I'm trying to implement compile-time polymorphism using CRTP, and want to force the derived class to implement the function.

The current implementation is like this.

template <class Derived>
struct base {
    void f() {
        static_cast<Derived*>(this)->f();
    }
};

struct derived : base<derived>
{
    void f() {
    ...
    }
};

In this implementation, call to the function falls into an infinite loop if the derived class didn't implement f().

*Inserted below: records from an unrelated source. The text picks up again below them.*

lemma finite_over_iff_lspan:
  "finite_over S R \<longleftrightarrow> (\<exists>F. finite F \<and> F \<subseteq> S \<and> S \<subseteq> lspan R F)"
  unfolding finite_over_def lspan_def by blast

lemma lspan_zero: "0 \<in> lspan (gen_subring X) F"
  unfolding lspan_def by (auto intro!: exI[of _ "\<lambda>_. 0"] gen_subring_zero)

lemma lspan_add:
  assumes "x \<in> lspan (gen_subring X) F" "y \<in> lspan (gen_subring X) F"
  shows "x + y \<in> lspan (gen_subring X) F"
proof -
  obtain r1 where r1: "\<forall>f\<in>F. r1 f \<in> gen_subring X" "x = (\<Sum>f\<in>F. r1 f * f)"
    using assms(1) unfolding lspan_def by blast
  obtain r2 where r2: "\<forall>f\<in>F. r2 f \<in> gen_subring X" "y = (\<Sum>f\<in>F. r2 f * f)"
    using assms(2) unfolding lspan_def by blast
  show ?thesis
    unfolding lspan_def using r1 r2
    by (auto intro!: exI[of _ "\<lambda>f. r1 f + r2 f"] gen_add simp: distrib_right sum.distrib)
qed

lemma lspan_lmult:
  assumes "q \<in> gen_subring X" "x \<in> lspan (gen_subring X) F"
  shows "q * x \<in> lspan (gen_subring X) F"
proof -
  obtain r where r: "\<forall>f\<in>F. r f \<in> gen_subring X" "x = (\<Sum>f\<in>F. r f * f)"
    using assms(2) unfolding lspan_def by blast
  show ?thesis
    unfolding lspan_def using r assms(1)
    by (auto intro!: exI[of _ "\<lambda>f. q * r f"] gen_mult simp: sum_distrib_left mult.assoc)
qed

lemma lspan_term:
  assumes "finite F" "f \<in> F" "q \<in> gen_subring X"
  shows "q * f \<in> lspan (gen_subring X) F"
proof -
  have "(\<Sum>g\<in>F. (if g = f then q else 0) * g) = (\<Sum>g\<in>F. if g = f then q * f else 0)"
    by (rule sum.cong) auto
  also have "\<dots> = q * f"
    using assms(1,2) by simp
  finally have "(\<Sum>g\<in>F. (if g = f then q else 0) * g) = q * f" .
  then show ?thesis
    unfolding lspan_def using assms
    by (auto intro!: exI[of _ "\<lambda>g. if g = f then q else 0"] gen_subring_zero)
qed

lemma lspan_induct:
  assumes "x \<in> lspan (gen_subring X) F" "finite F"
    and "0 \<in> M" "\<And>a b. a \<in> M \<Longrightarrow> b \<in> M \<Longrightarrow> a + b \<in> M"
    and "\<And>g f. g \<in> gen_subring X \<Longrightarrow> f \<in> F \<Longrightarrow> g * f \<in> M"
  shows "x \<in> M"
proof -
  obtain r where r: "\<forall>f\<in>F. r f \<in> gen_subring X" "x = (\<Sum>f\<in>F. r f * f)"
    using assms(1) unfolding lspan_def by blast
  have "finite F' \<Longrightarrow> F' \<subseteq> F \<Longrightarrow> (\<Sum>f\<in>F'. r f * f) \<in> M" for F'
    by (induction F' rule: finite_induct) (use r assms(3-5) in auto)
  then show ?thesis
    using r assms(2) by blast
qed

lemma lspan_mult_lspan:
  fixes g f :: "'a::ring_1 mpoly"
  assumes "g \<in> lspan (gen_subring X) H" "f \<in> F" "finite H" "finite F"
  shows "g * f \<in> lspan (gen_subring X) ((\<lambda>(h, f). h * f) ` (H \<times> F))"
proof -
  have "g \<in> {x. x * f \<in> lspan (gen_subring X) ((\<lambda>(h, f). h * f) ` (H \<times> F))}"
  proof (rule lspan_induct[OF assms(1,3)])
    fix q h assume "q \<in> gen_subring X" "h \<in> H"
    then show "q * h \<in> {x. x * f \<in> lspan (gen_subring X) ((\<lambda>(h, f). h * f) ` (H \<times> F))}"
      using assms(2-4) by (auto simp: mult.assoc intro: lspan_term)
  qed (auto simp: distrib_right intro: lspan_zero lspan_add)
  then show ?thesis
    by simp
qed

lemma finite_over_self: "finite_over (gen_subring X) (gen_subring X)"
  unfolding finite_over_def
  by (intro exI[of _ "{1}"]) (auto intro: gen_subring_one)

lemma finite_over_trans:
  fixes S :: "'a::ring_1 mpoly set"
  assumes "finite_over S (gen_subring Y)" "finite_over (gen_subring Y) (gen_subring X)"
    and "gen_subring Y \<subseteq> S" "\<And>a b. a \<in> S \<Longrightarrow> b \<in> S \<Longrightarrow> a * b \<in> S"
  shows "finite_over S (gen_subring X)"
proof -
  obtain F where F: "finite F" "F \<subseteq> S" "S \<subseteq> lspan (gen_subring Y) F"
    using assms(1) unfolding finite_over_iff_lspan by blast
  obtain H where H: "finite H" "H \<subseteq> gen_subring Y" "gen_subring Y \<subseteq> lspan (gen_subring X) H"
    using assms(2) unfolding finite_over_iff_lspan by blast
  define HF where "HF = (\<lambda>(h, f). h * f) ` (H \<times> F)"
  have HF: "finite HF" "HF \<subseteq> S"
    using F H assms(3) by (auto simp: HF_def intro!: assms(4))
  have products: "g * f \<in> lspan (gen_subring X) HF" if "g \<in> gen_subring Y" "f \<in> F" for g f
    using that F(1) H by (auto simp: HF_def intro: lspan_mult_lspan)
  have "S \<subseteq> lspan (gen_subring X) HF"
  proof
    fix s assume "s \<in> S"
    then have "s \<in> lspan (gen_subring Y) F"
      using F(3) by blast
    then show "s \<in> lspan (gen_subring X) HF"
      by (rule lspan_induct[OF _ F(1)]) (auto intro: lspan_zero lspan_add products)
  qed
  with HF show ?thesis
    unfolding finite_over_iff_lspan by blast
qed


section \<open>Elements of bounded degree in a central element\<close>

definition low_degree :: "'a::ring_1 mpoly set \<Rightarrow> 'a mpoly \<Rightarrow> nat \<Rightarrow> 'a mpoly set" where
  "low_degree W z K = lspan (gen_subring W) ((\<lambda>j. z ^ j) ` {..<K})"

definition monic_of_degree :: "'a::ring_1 mpoly set \<Rightarrow> 'a mpoly \<Rightarrow> nat \<Rightarrow> 'a mpoly \<Rightarrow> bool" where
  "monic_of_degree W z p x \<longleftrightarrow> x - z ^ p \<in> low_degree W z p"

lemma low_degree_term: "g \<in> gen_subring W \<Longrightarrow> j < K \<Longrightarrow> g * z ^ j \<in> low_degree W z K"
  unfolding low_degree_def by (rule lspan_term) auto

lemma low_degree_zero: "0 \<in> low_degree W z K"
  unfolding low_degree_def by (rule lspan_zero)

lemma low_degree_add: "x \<in> low_degree W z K \<Longrightarrow> y \<in> low_degree W z K \<Longrightarrow> x + y \<in> low_degree W z K"
  unfolding low_degree_def by (rule lspan_add)

lemma low_degree_lmult: "g \<in> gen_subring W \<Longrightarrow> x \<in> low_degree W z K \<Longrightarrow> g * x \<in> low_degree W z K"
  unfolding low_degree_def by (rule lspan_lmult)

lemma low_degree_neg: "x \<in> low_degree W z K \<Longrightarrow> - x \<in> low_degree W z K"
  using low_degree_lmult[OF gen_neg[OF gen_subring_one]] by simp

lemma low_degree_diff: "x \<in> low_degree W z K \<Longrightarrow> y \<in> low_degree W z K \<Longrightarrow> x - y \<in> low_degree W z K"
  unfolding diff_conv_add_uminus by (intro low_degree_add low_degree_neg)

lemma low_degree_sum:
  "finite I \<Longrightarrow> (\<And>i. i \<in> I \<Longrightarrow> x i \<in> low_degree W z K) \<Longrightarrow> sum x I \<in> low_degree W z K"
  by (induction I rule: finite_induct) (auto intro: low_degree_zero low_degree_add)

lemma low_degree_induct:
  assumes "x \<in> low_degree W z K" "0 \<in> M" "\<And>a b. a \<in> M \<Longrightarrow> b \<in> M \<Longrightarrow> a + b \<in> M"
    and "\<And>g j. g \<in> gen_subring W \<Longrightarrow> j < K \<Longrightarrow> g * z ^ j \<in> M"
  shows "x \<in> M"
  using assms(1) unfolding low_degree_def
  by (rule lspan_induct) (use assms(2-4) in auto)

lemma low_degree_mono: "x \<in> low_degree W z K \<Longrightarrow> K \<le> K' \<Longrightarrow> x \<in> low_degree W z K'"
  by (erule low_degree_induct) (auto intro: low_degree_zero low_degree_add low_degree_term)

lemma monic_mem_low_degree:
  assumes "monic_of_degree W z p x" "p < K"
  shows "x \<in> low_degree W z K"
proof -
  have "x - z ^ p \<in> low_degree W z K"
    using assms low_degree_mono[of "x - z ^ p" W z p K] unfolding monic_of_degree_def by simp
  moreover have "1 * z ^ p \<in> low_degree W z K"
    using assms(2) by (rule low_degree_term[OF gen_subring_one])
  ultimately have "(x - z ^ p) + 1 * z ^ p \<in> low_degree W z K"
    by (rule low_degree_add)
  then show ?thesis
    by simp
qed

lemma monic_power_self: "monic_of_degree W z p (z ^ p)"
  unfolding monic_of_degree_def by (simp add: low_degree_zero)

lemma monic_add_power: "w \<in> gen_subring W \<Longrightarrow> 0 < p \<Longrightarrow> monic_of_degree W z p (w + z ^ p)"
  unfolding monic_of_degree_def using low_degree_term[of w W 0 p z] by simp

lemma power_low_degree_if_monic_mem:
  fixes c :: "'a::division_ring"
  assumes "monic_of_degree W z K x" "const c * x \<in> low_degree W z K" "c \<noteq> 0"
  shows "z ^ K \<in> low_degree W z K"
proof -
  have "x = const (inverse c) * (const c * x)"
    using assms(3) by (simp add: mult.assoc[symmetric] const_mult_const)
  then have "x \<in> low_degree W z K"
    using assms(2) by (metis low_degree_lmult gen_const)
  moreover have "x - z ^ K \<in> low_degree W z K"
    using assms(1) unfolding monic_of_degree_def .
  ultimately have "x - (x - z ^ K) \<in> low_degree W z K"
    by (rule low_degree_diff)
  then show ?thesis
    by simp
qed

lemma power_low_degree_if_monic_relation:
  fixes c :: "'b \<Rightarrow> 'a::division_ring" and x :: "'b \<Rightarrow> 'a mpoly"
  assumes E: "finite E" "E \<noteq> {}" and c: "\<forall>e\<in>E. c e \<noteq> 0"
    and monic: "\<forall>e\<in>E. monic_of_degree W z (deg e) (x e)" and inj: "inj_on deg E"
    and relation: "(\<Sum>e\<in>E. const (c e) * x e) = 0"
  shows "z ^ Max (deg ` E) \<in> low_degree W z (Max (deg ` E))"
proof -
  define K where "K = Max (deg ` E)"
  have "K \<in> deg ` E"
    unfolding K_def using E by (intro Max_in) auto
  then obtain e' where e': "e' \<in> E" "deg e' = K"
    by blast
  define rest where "rest = (\<Sum>e\<in>E - {e'}. const (c e) * x e)"
  have rest: "rest \<in> low_degree W z K"
    unfolding rest_def
  proof (rule low_degree_sum)
    fix e assume e: "e \<in> E - {e'}"
    have "deg e \<le> K"
      unfolding K_def using E(1) e by (intro Max_ge) auto
    moreover have "deg e \<noteq> deg e'"
      using inj e e'(1) by (auto dest: inj_onD)
    ultimately have "deg e < K"
      using e'(2) by simp
    then show "const (c e) * x e \<in> low_degree W z K"
      using monic e by (intro low_degree_lmult[OF gen_const] monic_mem_low_degree) auto
  qed (use E in simp)
  have "const (c e') * x e' = - rest"
    using relation sum.remove[OF E(1) e'(1), of "\<lambda>e. const (c e) * x e"]
    by (simp add: rest_def eq_neg_iff_add_eq_0)
  with rest have "const (c e') * x e' \<in> low_degree W z K"
    by (simp add: low_degree_neg)
  then show ?thesis
    using monic c e' unfolding K_def[symmetric] by (intro power_low_degree_if_monic_mem) auto
qed

context
  fixes W :: "'a::ring_1 mpoly set" and z :: "'a mpoly"
  assumes z: "z \<in> center"
begin

lemma low_degree_power_mult:
  assumes "x \<in> low_degree W z K"
  shows "z ^ q * x \<in> low_degree W z (q + K)"
proof -
  have "x \<in> {x. z ^ q * x \<in> low_degree W z (q + K)}"
  proof (rule low_degree_induct[OF assms])
    fix g j assume "g \<in> gen_subring W" "j < K"
    moreover have "z ^ q * (g * z ^ j) = g * z ^ (q + j)"
      using centerD[OF center_power[OF z], of q g] by (simp add: mult.assoc[symmetric] power_add)
    ultimately show "g * z ^ j \<in> {x. z ^ q * x \<in> low_degree W z (q + K)}"
      by (simp add: low_degree_term)
  qed (auto simp: distrib_left low_degree_zero low_degree_add)
  then show ?thesis
    by simp
qed

lemma low_degree_mult:
  assumes "x \<in> low_degree W z p" and y: "y \<in> low_degree W z q"
  shows "x * y \<in> low_degree W z (p + q)"
proof -
  have "x \<in> {x. x * y \<in> low_degree W z (p + q)}"
  proof (rule low_degree_induct[OF assms(1)])
    fix g j assume g: "g \<in> gen_subring W" and "j < p"
    then have "z ^ j * y \<in> low_degree W z (p + q)"
      using low_degree_mono[OF low_degree_power_mult[OF y, of j]] by simp
    with g show "g * z ^ j \<in> {x. x * y \<in> low_degree W z (p + q)}"
      by (simp add: mult.assoc low_degree_lmult)
  qed (auto simp: distrib_right low_degree_zero low_degree_add)
  then show ?thesis
    by simp
qed

lemma monic_mult:
  assumes "monic_of_degree W z p x" "monic_of_degree W z q y"
  shows "monic_of_degree W z (p + q) (x * y)"
proof -
  define u where "u = x - z ^ p"
  define v where "v = y - z ^ q"
  have u: "u \<in> low_degree W z p" and v: "v \<in> low_degree W z q"
    using assms unfolding monic_of_degree_def u_def v_def by auto
  have "x * y - z ^ (p + q) = z ^ p * v + z ^ q * u + u * v"
    using centerD[OF center_power[OF z, of q], of x] centerD[OF center_power[OF z, of q], of "z ^ p"]
    by (simp add: u_def v_def algebra_simps power_add)
  moreover have "z ^ p * v \<in> low_degree W z (p + q)"
    using low_degree_power_mult[OF v] .
  moreover have "z ^ q * u \<in> low_degree W z (p + q)"
    using low_degree_power_mult[OF u, of q] by (simp add: add.commute)
  moreover have "u * v \<in> low_degree W z (p + q)"
    using low_degree_mult[OF u v] .
  ultimately show ?thesis
    unfolding monic_of_degree_def by (simp add: low_degree_add)
qed

lemma monic_power: "monic_of_degree W z p x \<Longrightarrow> monic_of_degree W z (k * p) (x ^ k)"
  by (induction k) (auto simp: monic_mult monic_power_self[of W z 0, simplified])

How do I force the derived class to implement the function like pure virtual function? I tried to use 'static_assert' like static_assert(&base::f != &Derived::f, "...") but it generates an error message saying that two member function pointers pointing to the different classes' member functions are not comparable.

Answer 1

You can give the thing you override and the hook different names, like this:

template <class Derived>
struct base {
    void f() {
        static_cast<Derived*>(this)->fimpl();
    }
    void fimpl() = delete;
};

struct derived : base<derived> {
    void fimpl() { printf("hello world\n"); }
};

Here, fimpl = delete in the base so that it cannot be called accidentally unless fimpl is overridden in the derived class.

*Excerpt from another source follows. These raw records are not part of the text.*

(* Let $J=JCK(Z,\delta)$ and $K=Z\oplus Zx$. Relative to the $\mathbb Z_2^2$-grading of $\mathrm{Der}(J)$ induced by the grading of $J$, one has $\mathrm{Der}(J)_{\bar0}^{[\bar0,\bar0]}=\{\tilde\partial:\partial\in\mathrm{Der}(K)_{\bar0}\}$, $\mathrm{Inder}(J)_{\bar0}^{[\bar0,\bar0]}=D(x,Zx)=\{\tilde\partial:\partial\in\mathrm{Inder}(K)_{\bar0}\}=\{\tilde\partial:\partial=\check\mu \text{ for some }\mu\in Z\delta\}$, $\mathrm{Der}(J)_{\bar0}^{[\bar1,\bar0]}=D(w_2,Zw_3)$, $\mathrm{Der}(J)_{\bar0}^{[\bar0,\bar1]}=D(w_3,Zw_1)$, $\mathrm{Der}(J)_{\bar0}^{[\bar1,\bar1]}=D(w_1,Zw_2)$, and $\mathrm{Der}(J)_{\bar0}$ is the direct sum of these four components; in particular every even derivation of $J$ with component outside $[\bar0,\bar0]$ is inner.
   Context: Let $\mathbb F$ be a field of characteristic $\neq 2$, $Z$ a unital commutative associative $\mathbb F$-algebra, and $\delta$ a derivation of $Z$ such that $Z\delta(Z)=Z$ (the $\mathbb F$-span of all products $f\delta(g)$, $f,g\in Z$, is $Z$). The Cheng-Kac Jordan superalgebra $J=JCK(Z,\delta)=J_{\bar0}\oplus J_{\bar1}$ is defined as follows: $J_{\bar0}=Z1\oplus Zw_1\oplus Zw_2\oplus Zw_3$ and $J_{\bar1}=Zx\oplus Zx_1\oplus Zx_2\oplus Zx_3$ are free $Z$-modules of rank 4; $J_{\bar0}$ is the $Z$-algebra $(\mathbb F1\oplus\mathbb Fw_1\oplus\mathbb Fw_2\oplus\mathbb Fw_3)\otimes_{\mathbb F}Z$ with $1$ the identity, $w_1^2=w_2^2=1$, $w_3^2=-1$, $w_iw_j=0$ for $i\ne j$. For $f,g\in Z$ and $i,j\in\{1,2,3\}$ the remaining products are: $f(gx)=(fg)x$, $f(gx_j)=(fg)x_j$, $(fw_i)(gx)=(\delta(f)g)x_i$, $(fw_i)(gx_j)=-(fg)x_{i\times j}$, $(fx)(gx)=\delta(f)g-f\delta(g)$, $(fx)(gx_j)=-(fg)w_j$, $(fx_i)(gx)=(fg)w_i$, $(fx_i)(gx_j)=0$, extended by supercommutativity ($ab=(-1)^{|a||b|}ba$), where $x_{1\times2}=-x_{2\times1}=x_3$, $x_{1\times3}=-x_{3\times1}=x_2$, $x_{3\times2}=-x_{2\times3}=x_1$, $x_{i\times i}=0$. $J$ is $\mathbb Z_2^2$-graded by $J^{[\bar0,\bar0]}=Z\oplus Zx$, $J^{[\bar1,\bar0]}=Zw_1\oplus Zx_1$, $J^{[\bar0,\bar1]}=Zw_2\oplus Zx_2$, $J^{[\bar1,\bar1]}=Zw_3\oplus Zx_3$, and $\mathrm{Der}(J)^{\alpha}$ denotes the derivations mapping each $J^{\beta}$ into $J^{\alpha+\beta}$. Derivations are super derivations (homogeneous $d$ with $d(ab)=d(a)b+(-1)^{|d||a|}ad(b)$); $D(a,b)$ is $c\mapsto a(bc)-(-1)^{|a||b|}b(ac)$; $\mathrm{Inder}$ is the span of all $D(a,b)$; $D(A,B)$ denotes the span of $D(a,b)$, $a\in A,b\in B$. $K=Z\oplus Zx$ is a subalgebra of $J$. For $\mu\in\mathrm{Der}(Z)$ with $[\mu,\delta]=2a\delta$, $\check\mu$ is the even derivation of $K$ with $\check\mu|_Z=\mu$, $\check\mu(x)=ax$; every even derivation of $K$ is of this form. For $\partial\in\mathrm{Der}(K)_{\bar0}$ with $\mu=\partial|_Z$ and $a\in Z$ such that $\partial(x)=ax$, $\tilde\partial$ denotes the even derivation of $J$ given by $\tilde\partial|_K=\partial$, $\tilde\partial(fw_i)=\mu(f)w_i$, $\tilde\partial(fx_i)=(\mu(f)-af)x_i$ for $f\in Z$, $i=1,2,3$. *)

theory Defs
  imports Main
begin

text \<open>Elements of the Cheng-Kac superalgebra JCK(Z,delta): an element is
  sc 1 + w1c w1 + w2c w2 + w3c w3 + xc x + x1c x1 + x2c x2 + x3c x3 with coefficients in Z.\<close>

datatype 'z jck = JE (sc: 'z) (w1c: 'z) (w2c: 'z) (w3c: 'z) (xc: 'z) (x1c: 'z) (x2c: 'z) (x3c: 'z)

instantiation jck :: (ab_group_add) ab_group_add
begin
definition zero_jck_def: "0 = JE 0 0 0 0 0 0 0 0"
definition plus_jck_def: "a + b = JE (sc a + sc b) (w1c a + w1c b) (w2c a + w2c b) (w3c a + w3c b)
   (xc a + xc b) (x1c a + x1c b) (x2c a + x2c b) (x3c a + x3c b)"
definition minus_jck_def: "a - b = JE (sc a - sc b) (w1c a - w1c b) (w2c a - w2c b) (w3c a - w3c b)
   (xc a - xc b) (x1c a - x1c b) (x2c a - x2c b) (x3c a - x3c b)"
definition uminus_jck_def: "- a = JE (- sc a) (- w1c a) (- w2c a) (- w3c a)
   (- xc a) (- x1c a) (- x2c a) (- x3c a)"
instance
  by standard (simp_all add: zero_jck_def plus_jck_def minus_jck_def uminus_jck_def algebra_simps)
end

definition zmul :: "'z::comm_ring_1 \<Rightarrow> 'z jck \<Rightarrow> 'z jck" where
  "zmul z a = JE (z * sc a) (z * w1c a) (z * w2c a) (z * w3c a)
                 (z * xc a) (z * x1c a) (z * x2c a) (z * x3c a)"

text \<open>The product of JCK(Z,delta), obtained by F-bilinear extension of the multiplication table.\<close>
definition jmul :: "('z::comm_ring_1 \<Rightarrow> 'z) \<Rightarrow> 'z jck \<Rightarrow> 'z jck \<Rightarrow> 'z jck" where
  "jmul \<delta> a c = JE
     (sc a * sc c + w1c a * w1c c + w2c a * w2c c - w3c a * w3c c
        + \<delta> (xc a) * xc c - xc a * \<delta> (xc c))
     (sc a * w1c c + w1c a * sc c - xc a * x1c c + x1c a * xc c)
     (sc a * w2c c + w2c a * sc c - xc a * x2c c + x2c a * xc c)
     (sc a * w3c c + w3c a * sc c - xc a * x3c c + x3c a * xc c)
     (sc a * xc c + sc c * xc a)
     (sc a * x1c c + \<delta> (w1c a) * xc c + w2c a * x3c c - w3c a * x2c c
        + sc c * x1c a + \<delta> (w1c c) * xc a + w2c c * x3c a - w3c c * x2c a)
     (sc a * x2c c + \<delta> (w2c a) * xc c - w1c a * x3c c + w3c a * x1c c
        + sc c * x2c a + \<delta> (w2c c) * xc a - w1c c * x3c a + w3c c * x1c a)
     (sc a * x3c c + \<delta> (w3c a) * xc c - w1c a * x2c c + w2c a * x1c c
        + sc c * x3c a + \<delta> (w3c c) * xc a - w1c c * x2c a + w2c c * x1c a)"

definition w1J :: "'z::comm_ring_1 jck" where "w1J = JE 0 1 0 0 0 0 0 0"
definition w2J :: "'z::comm_ring_1 jck" where "w2J = JE 0 0 1 0 0 0 0 0"
definition w3J :: "'z::comm_ring_1 jck" where "w3J = JE 0 0 0 1 0 0 0 0"
definition xJ  :: "'z::comm_ring_1 jck" where "xJ  = JE 0 0 0 0 1 0 0 0"

definition J0 :: "'z::comm_ring_1 jck set" where
  "J0 = {e. xc e = 0 \<and> x1c e = 0 \<and> x2c e = 0 \<and> x3c e = 0}"
definition J1 :: "'z::comm_ring_1 jck set" where
  "J1 = {e. sc e = 0 \<and> w1c e = 0 \<and> w2c e = 0 \<and> w3c e = 0}"
definition homog :: "'z::comm_ring_1 jck \<Rightarrow> bool" where
  "homog a \<longleftrightarrow> a \<in> J0 \<or> a \<in> J1"

text \<open>The Z_2^2-grading; Z_2^2 is represented as bool \<times> bool with componentwise xor.\<close>
fun gcomp :: "bool \<times> bool \<Rightarrow> 'z::comm_ring_1 jck set" where
  "gcomp (False, False) = {e. w1c e = 0 \<and> w2c e = 0 \<and> w3c e = 0 \<and> x1c e = 0 \<and> x2c e = 0 \<and> x3c e = 0}"
| "gcomp (True, False) = {e. sc e = 0 \<and> w2c e = 0 \<and> w3c e = 0 \<and> xc e = 0 \<and> x2c e = 0 \<and> x3c e = 0}"
| "gcomp (False, True) = {e. sc e = 0 \<and> w1c e = 0 \<and> w3c e = 0 \<and> xc e = 0 \<and> x1c e = 0 \<and> x3c e = 0}"
| "gcomp (True, True) = {e. sc e = 0 \<and> w1c e = 0 \<and> w2c e = 0 \<and> xc e = 0 \<and> x1c e = 0 \<and> x2c e = 0}"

You can also stick an intermediate hiding layer into your CRTP to "temporarily" mark f as delete:

template <class Derived>
struct base {
    void f() {
        static_cast<Derived*>(this)->f();
    }
};

template <class Derived>
struct intermediate : base<Derived> {
    void f() = delete;
};

struct derived : intermediate<derived> {
    void f() { printf("hello world\n"); }
};

Answer 2

template<typename Derived>
class Base
{
  private:
    static void verify(void (Derived::*)()) {}

  public:
    void f()
    {
        verify(&Derived::f);
        static_cast<Derived*>(this)->f();
    }
};

If the derived class does not implement f on its own, the type of &Derived::f would be void (Base::*)(), which breaks compilation.

Since C++11 we can also make this function generic with variadic template.

template<typename Derived>
class Base
{
  private:
    template<typename T, typename...Args>
    static void verify(T (Derived::*)(Args...)) {}
};

Answer 3

Through this is a question asked years ago but I've encountered this recently, so I'll just post it here hope it might help some people.

Using auto as return type might be another solution. Consider the following code:

template<typename Derived>
class Base
{
  public:
    auto f()
    {
        static_cast<Derived*>(this)->f();
    }
};

If the derived class doesn't provide a valid overload, then this function becomes recursive, and since auto requires the final return type, it can never be deduced, thus would be guaranteed to throw an compilation error. For example on MSVC it's something like:

a function that returns 'auto' cannot be used before it is defined

This forces derived class to provide implementation, just like pure virtual function.

The good thing is no extra code is needed, and if the derived class also use auto as return type then this chain can go as long as required. In some cases it can be convenient and flexible, as in Base and LevelTwo in following code, which can return different types when calling the same interface f. However this chain totally disables direct inheritance of implementation from base class, as in LevelThree:

template<typename Derived = void>
class Base
{
  public:
    Base() = default;
    ~Base() = default;

    // interface
    auto f()
    {
        return fImpl();
    }
  protected:
    // implementation chain
    auto fImpl()
    {
        if constexpr (std::is_same_v<Derived, void>)
        {
            return int(1);
        }
        else
        {
            static_cast<Derived*>(this)->fImpl();
        }
    }
};

template<typename Derived = void>
class LevelTwo : public Base<LevelTwo>
{
  public:
    LevelTwo() = default;
    ~LevelTwo() = default;

    // inherit interface
    using Base<LevelTwo>::f;
  protected:
    // provide overload
    auto fImpl()
    {
        if constexpr (std::is_same_v<Derived, void>)
        {
            return float(2);
        }
        else
        {
            static_cast<Derived*>(this)->fImpl();
        }
    }

    friend Base;
};

template<typename Derived = void>
class LevelThree : public LevelTwo<LevelThree>
{
  public:
    LevelThree() = default;
    ~LevelThree() = default;

    using LevelTwo<LevelThree>::f;

  protected:
    // doesn't provide new implementation, compilation error here
    using LevelTwo<LevelThree>::fImpl;

    friend LevelTwo;
};

In my case, the derived class I work on also derive from another class which provides extra information needed to determine whether to stop at current class or go for derived class. But in other cases, either break the chain using actual types instead of 'auto', or use some other tricks. But in situations like that maybe virtual function is the best chose.